Another factor: the successful transition to black majority rule in South Africa, which has freed up liberal energies for new causes.

"South Africa was so important for so long, and suddenly it's not there any more," Mr. Berger said.

It is difficult to measure the impact of the broadened pro-Aristide coalition. But there's no question that it has given the Aristide cause important new access to the president and his advisers.

Jonathan Demme, the film director who made "Silence of the Lambs," was able to lobby the president in Mr. Clinton's own house, handing him a letter and urging him to do more to remove the military dictators who overthrew Father Aristide in September 1991.

White House encounter

The encounter took place in November in the White House screening room, after Mr. Demme had shown the president his latest movie, "Philadelphia."

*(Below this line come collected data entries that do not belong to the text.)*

(* Let $m\ge1$ and let $Q=(q_{ij})_{0\le i,j\le m}$ be the matrix with $q_{00}=\alpha_{00}-\alpha_0-\sum_{j=1}^m\beta_{0j}$; $q_{i0}=\alpha_{0i}+2\beta_{0i}$ and $q_{0i}=\alpha_{i0}$ for $1\le i\le m$; $q_{ij}=\alpha_{ji}$ for $1\le i\ne j\le m$; $q_{ii}=\alpha_{ii}-\alpha_i-\sum_{j\in\{0,\dots,m\},j\ne i}\alpha_{ij}$ for $1\le i\le m$, where all $\alpha$'s and $\beta$'s are nonnegative. If the Perron–Frobenius eigenvalue $\lambda_1$ of $Q$ (the real eigenvalue with $\operatorname{Re}\lambda<\lambda_1$ for all other eigenvalues $\lambda$) is algebraically simple and $u$ is the corresponding nonnegative right eigenvector with $e^Tu=1$, then every solution of $dx/dt=Qx-x(e^TQx)$ on the simplex $\{x\ge 0,\ e^Tx=1\}$ whose initial condition has nonzero coefficient on $u$ in the decomposition of $\mathbb{R}^{m+1}$ into generalized eigenspaces of $Q$ converges to $u$; in particular this frequency equation has one and only one stable fixed point and no stable limit cycle.
   Context: $e=(1,\dots,1)^T$. $Q$ is the linear-mean-dynamics matrix of the multi-phenotype cancer model (CSC index 0, $\mathrm{NSCC}_1,\dots,\mathrm{NSCC}_m$) extended by symmetric differentiation CSC $\to\mathrm{NSCC}_j+\mathrm{NSCC}_j$ at rate $\beta_{0j}$. *)

theory Defs
  imports Complex_Main "Jordan_Normal_Form.Jordan_Normal_Form"
begin

text \<open>Indices 0..m: index 0 is the CSC, indices 1..m are NSCC_1..NSCC_m.
  alpha i j = alpha_{ij}, alphad i = alpha_i, beta j = beta_{0j}.\<close>

definition Q_entry :: "nat \<Rightarrow> (nat \<Rightarrow> nat \<Rightarrow> real) \<Rightarrow> (nat \<Rightarrow> real) \<Rightarrow> (nat \<Rightarrow> real)
    \<Rightarrow> nat \<Rightarrow> nat \<Rightarrow> real" where
  "Q_entry m alpha alphad beta i j =
     (if i = 0 \<and> j = 0 then alpha 0 0 - alphad 0 - (\<Sum>k=1..m. beta k)
      else if j = 0 then alpha 0 i + 2 * beta i
      else if i = 0 then alpha j 0
      else if i \<noteq> j then alpha j i
      else alpha i i - alphad i - (\<Sum>k\<in>{0..m} - {i}. alpha i k))"

definition Q_mat :: "nat \<Rightarrow> (nat \<Rightarrow> nat \<Rightarrow> real) \<Rightarrow> (nat \<Rightarrow> real) \<Rightarrow> (nat \<Rightarrow> real) \<Rightarrow> real mat" where
  "Q_mat m alpha alphad beta = mat (m+1) (m+1) (\<lambda>(i,j). Q_entry m alpha alphad beta i j)"

definition gen_eigenspace :: "complex mat \<Rightarrow> complex \<Rightarrow> complex vec set" where
  "gen_eigenspace A lam = {v \<in> carrier_vec (dim_row A).
     (char_matrix A lam ^\<^sub>m dim_row A) *\<^sub>v v = 0\<^sub>v (dim_row A)}"

text \<open>Component of x0 on the generalized eigenspace of lam is nonzero, i.e. in every
  decomposition of x0 as sum over the eigenvalues of vectors in the respective generalized
  eigenspaces (which is unique), the lam-summand is nonzero.\<close>
definition nonzero_gen_component :: "complex mat \<Rightarrow> complex \<Rightarrow> complex vec \<Rightarrow> bool" where
  "nonzero_gen_component A lam x0 =
     (\<forall>w :: complex \<Rightarrow> complex vec.
        (\<forall>mu\<in>Collect (eigenvalue A). w mu \<in> gen_eigenspace A mu) \<and>
        (\<forall>i < dim_row A. (\<Sum>mu\<in>Collect (eigenvalue A). w mu $ i) = x0 $ i)
        \<longrightarrow> w lam \<noteq> 0\<^sub>v (dim_row A))"

end

theory Submission
  imports Defs
    "Jordan_Normal_Form.Jordan_Normal_Form_Existence"
    "Jordan_Normal_Form.Jordan_Normal_Form_Uniqueness"
    "HOL-Real_Asymp.Real_Asymp"
begin

(* In a Jordan basis Q = P J P^-1 the coordinates y = P^-1 x of a solution satisfy
   y' = (J - phi) y, where phi = e^T Q x is the only nonlinear term. Dividing by the
   coordinate y_p of the simple eigenvalue lam1 removes phi: the ratios y_r / y_p solve
   the linear system with matrix J - lam1, which off p is bidiagonal with diagonal of
   negative real part, so they tend to 0 by back substitution along the Jordan chains.
   The hypothesis on the initial condition says y_p(0) ~= 0, and y_p never vanishes as it
   solves a scalar linear equation. Hence x(t) is asymptotically a multiple of the p-th
   column of P, that is of u, and e^T x = 1 fixes the multiple. *)

hide_const (open) Coset.order

lemma has_real_derivative_cmod_square:
  fixes y :: "real \<Rightarrow> complex"
  assumes "(y has_vector_derivative y') (at t within S)"
  shows "((\<lambda>t. (cmod (y t))\<^sup>2) has_real_derivative 2 * Re (y' * cnj (y t))) (at t within S)"
proof -
  have eq: "(\<lambda>t. (cmod (y t))\<^sup>2) = (\<lambda>t. Re (y t * cnj (y t)))"
    by (rule ext) (simp add: complex_mult_cnj cmod_def)
  have "((\<lambda>t. y t * cnj (y t)) has_vector_derivative y t * cnj y' + y' * cnj (y t)) (at t within S)"
    by (intro has_vector_derivative_mult has_vector_derivative_cnj assms)
  from bounded_linear.has_vector_derivative[OF bounded_linear_Re this]
  have "((\<lambda>t. Re (y t * cnj (y t))) has_vector_derivative Re (y t * cnj y' + y' * cnj (y t)))
          (at t within S)" .
  moreover have "Re (y t * cnj y' + y' * cnj (y t)) = 2 * Re (y' * cnj (y t))"
    by (simp add: algebra_simps)
  ultimately show ?thesis
    unfolding eq has_real_derivative_iff_has_vector_derivative by simp
qed

lemma increasing_if_deriv_nonneg_within:
  fixes W W' :: "real \<Rightarrow> real"
  assumes "a \<le> b"
    and deriv: "\<And>s. a \<le> s \<Longrightarrow> s \<le> b \<Longrightarrow> (W has_real_derivative W' s) (at s within {a..})"
    and nonneg: "\<And>s. a \<le> s \<Longrightarrow> s \<le> b \<Longrightarrow> W' s \<ge> 0"
  shows "W a \<le> W b"
proof (rule DERIV_nonneg_imp_increasing_open[OF \<open>a \<le> b\<close>])
  fix s assume s: "a < s" "s < b"
  have "at s within {a..} = at s"
    by (rule at_within_open_subset[of s "{a<..}"]) (use s in auto)
  then show "\<exists>y. (W has_real_derivative y) (at s) \<and> y \<ge> 0"
    using deriv[of s] nonneg[of s] s by auto
next
  show "continuous_on {a..b} W"
    unfolding continuous_on_eq_continuous_within
  proof
    fix s assume "s \<in> {a..b}"
    then have "(W has_real_derivative W' s) (at s within {a..b})"
      by (intro has_field_derivative_subset[OF deriv]) auto
    then show "continuous (at s within {a..b}) W"
      by (rule DERIV_continuous)
  qed
qed

text \<open>\<open>\<bar>y\<bar>\<^sup>2 e\<^sup>2\<^sup>K\<^sup>t\<close> is nondecreasing.\<close>

lemma linear_ode_nonvanishing:
  fixes y g :: "real \<Rightarrow> complex"
  assumes ode: "\<And>t. t \<ge> 0 \<Longrightarrow> (y has_vector_derivative g t * y t) (at t within {0..})"
    and bound: "\<And>t. t \<ge> 0 \<Longrightarrow> Re (g t) \<ge> - K"
    and "y 0 \<noteq> 0" and "t \<ge> 0"
  shows "y t \<noteq> 0"
proof -
  define V where "V = (\<lambda>s. (cmod (y s))\<^sup>2)"
  define W where "W s = V s * exp (2 * K * s)" for s
  have dV: "(V has_real_derivative 2 * Re (g s) * V s) (at s within {0..})" if "s \<ge> 0" for s
  proof -
    have "y s * cnj (y s) = of_real (V s)"
      by (simp only: V_def complex_norm_square)
    then have "2 * Re (g s * y s * cnj (y s)) = 2 * Re (g s) * V s"
      by (simp add: mult.assoc)
    from has_real_derivative_cmod_square[OF ode[OF that], unfolded this, folded V_def]
    show ?thesis .
  qed
  have dW: "(W has_real_derivative 2 * (Re (g s) + K) * V s * exp (2 * K * s)) (at s within {0..})"
    if "s \<ge> 0" for s
    unfolding W_def
    by (rule derivative_eq_intros dV[OF that] refl | simp)+ (simp add: algebra_simps)
  have "W 0 \<le> W t"
  proof (rule increasing_if_deriv_nonneg_within[OF \<open>t \<ge> 0\<close>])
    fix s :: real assume "0 \<le> s"
    then show "(W has_real_derivative 2 * (Re (g s) + K) * V s * exp (2 * K * s)) (at s within {0..})"
      and "2 * (Re (g s) + K) * V s * exp (2 * K * s) \<ge> 0"
      using dW bound[of s] by (auto simp: V_def)
  qed
  moreover have "W 0 > 0"
    using \<open>y 0 \<noteq> 0\<close> by (simp add: W_def V_def)
  ultimately show ?thesis
    by (auto simp: W_def V_def)
qed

Mr. Demme is founder of Artists for Democracy in Haiti, whose membership of more than 200 includes the film stars Susan Sarandon, Laura Dern and Danny Glover.

Some of the same entertainers who played key supporting roles in the civil rights movement are active on Haiti, especially singer Harry Belafonte, but also Paul Newman and Joanne Woodward.

The Demme group has tried to generate public concern by sponsoring newspaper ads critical of the administration's policy and by placing celebrities on TV shows, such as a recent "Donahue" program on Haiti that triggered a surge of protest calls to the White House from viewers.

This spring, Mr. Demme and his co-producer, Edward Saxon, were part of a group of liberal activists who spent about two hours at the White House being briefed on the administration's policy by a key Clinton aide, Richard E. Feinberg, the National Security Council official with responsibility for Haiti.

"When you get into meetings with these people and start having a dialogue, and they know that you know whereof you speak, then you're taken seriously," said Mr. Saxon.

Civil rights parallel

It was through Mr. Demme, who is making the film version of Mr. Branch's award-winning book, "Parting the Waters: America in the King Years, 1954-63," that the writer first met Father Aristide. Mr. Branch sees strong parallels between the U.S. civil rights movement and the situation in all-black Haiti.

In Mr. Branch's view, President Clinton's choices on Haiti are very similar to the ones that President John F. Kennedy faced in the early 1960s over the movement to grant black Americans common citizenship.

Back then, suggestions that Dr. King might have Communist connections became an excuse for Kennedy to avoid sending a civil rights bill to Congress, he noted.

In much the same way, Mr. Clinton has been urged by many of his advisers to avoid deeper involvement with Father Aristide, whose critics portray him as unstable.

What Mr. Clinton needs to do, Mr. Branch contends, is "take a risk on principle" and use American military power, if necessary, to put Father Aristide back in power.